[[ DATA FOR PROCESSING open ]]

(* Let $\epsilon\in\{\pm1\}$, and let $S$ ($n\times n$), $V$ ($n\times m_1$), $\bar V$ ($n\times m_2$) be constant complex matrices, and $K,\bar K$ constant Hermitian $n\times n$ matrices solving $$SK+KS^\dagger=VV^\dagger,\qquad S^\dagger\bar K+\bar KS=\bar V\bar V^\dagger.$$ Then, with $\Xi=e^{-xS-\mathrm{i}tS^2}$ ($x,t\in\mathbb{R}$), the function $$q=V^\dagger\big((\Xi^\dagger)^{-1}-\epsilon\bar K\Xi K\big)^{-1}\bar V$$ (wherever the inverse exists) solves the $m_1\times m_2$ matrix NLS equation $\mathrm{i}q_t+q_{xx}-2\epsilon qq^\dagger q=0$.
   Context: ${}^\dagger$ denotes conjugate transpose. *)

theory Defs
  imports "HOL-Analysis.Analysis"
begin

definition cadj :: "complex^'n^'m \<Rightarrow> complex^'m^'n" where
  "cadj A = (\<chi> i j. cnj (A $ j $ i))"

definition msc :: "complex \<Rightarrow> complex^'n^'m \<Rightarrow> complex^'n^'m" where
  "msc c A = (\<chi> i j. c * A $ i $ j)"

fun mpow :: "complex^'n^'n \<Rightarrow> nat \<Rightarrow> complex^'n^'n" where
  "mpow A 0 = mat 1"
| "mpow A (Suc k) = A ** mpow A k"

definition mexp :: "complex^'n^'n \<Rightarrow> complex^'n^'n" where
  "mexp A = (\<Sum>k. (1 / fact k) *\<^sub>R mpow A k)"

definition Xi :: "complex^'n^'n \<Rightarrow> real \<Rightarrow> real \<Rightarrow> complex^'n^'n" where
  "Xi S x t = mexp (- msc (complex_of_real x) S - msc (\<i> * complex_of_real t) (S ** S))"

definition Mmat :: "real \<Rightarrow> complex^'n^'n \<Rightarrow> complex^'n^'n \<Rightarrow> complex^'n^'n \<Rightarrow> real \<Rightarrow> real \<Rightarrow> complex^'n^'n" where
  "Mmat \<epsilon> S K Kbar x t = matrix_inv (cadj (Xi S x t)) - msc (complex_of_real \<epsilon>) (Kbar ** Xi S x t ** K)"

definition qsol :: "real \<Rightarrow> complex^'n^'n \<Rightarrow> complex^'n^'n \<Rightarrow> complex^'n^'n \<Rightarrow> complex^'m1^'n \<Rightarrow> complex^'m2^'n \<Rightarrow> real \<Rightarrow> real \<Rightarrow> complex^'m2^'m1" where
  "qsol \<epsilon> S K Kbar V Vbar x t = cadj V ** matrix_inv (Mmat \<epsilon> S K Kbar x t) ** Vbar"
lemma all_packed:
  assumes srt: "sorted_items a" and all: "P = {..<length a}"
  shows "is_assignment a f \<and> fitting_items_dominated a f"
proof
  have bins: "{i\<in>P. f i = j} = {i. i < length a \<and> f i = j}" for j using all by auto
  show "is_assignment a f" using bin_load_le unfolding is_assignment_def bins by simp
  interpret closed: mm_invariant a P "Suc b" 0 0 f by (rule close) (simp add: all)
  show "fitting_items_dominated a f" unfolding fitting_items_dominated_def
  proof (intro allI impI)
    fix i u assume i: "i < length a" "class1 a i \<and> sole a f i"
      and u: "u < length a" "a ! u \<le> 1 - a ! i"
    have "{j\<in>P. f j = f i} = {i}" using i all by (auto simp: sole_def)
    moreover have "f i < Suc b" using packed_le_open[of i] i(1) all by simp
    ultimately have "u \<in> P" "f u < f i" using closed.closed_sole_bin[of i u] i u by auto
    obtain h where h: "h \<in> P" "f h = f u" "\<forall>v<length a. v \<notin> P \<or> f u < f v \<longrightarrow> h \<le> v"
      using bin_head[OF \<open>u \<in> P\<close>] by blast
    then have "h \<le> i" using i(1) \<open>f u < f i\<close> by blast
    then have "a ! i \<le> a ! h" using sorted_items_nth_antimono[OF srt] i(1) by simp
    then show "\<exists>h<length a. f h = f u \<and> a ! i \<le> a ! h" using h(1,2) all by auto
  qed
qed

end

[[ DATA FOR PROCESSING closed ]]

WORK TO BE COMPLETED
If a line in the data above holds the string "Mmat", report that line.

EXERCISE RESPONSE
definition Mmat :: "real \<Rightarrow> complex^'n^'n \<Rightarrow> complex^'n^'n \<Rightarrow> complex^'n^'n \<Rightarrow> real \<Rightarrow> real \<Rightarrow> complex^'n^'n" where
  "Mmat \<epsilon> S K Kbar x t = matrix_inv (cadj (Xi S x t)) - msc (complex_of_real \<epsilon>) (Kbar ** Xi S x t ** K)"
  "qsol \<epsilon> S K Kbar V Vbar x t = cadj V ** matrix_inv (Mmat \<epsilon> S K Kbar x t) ** Vbar"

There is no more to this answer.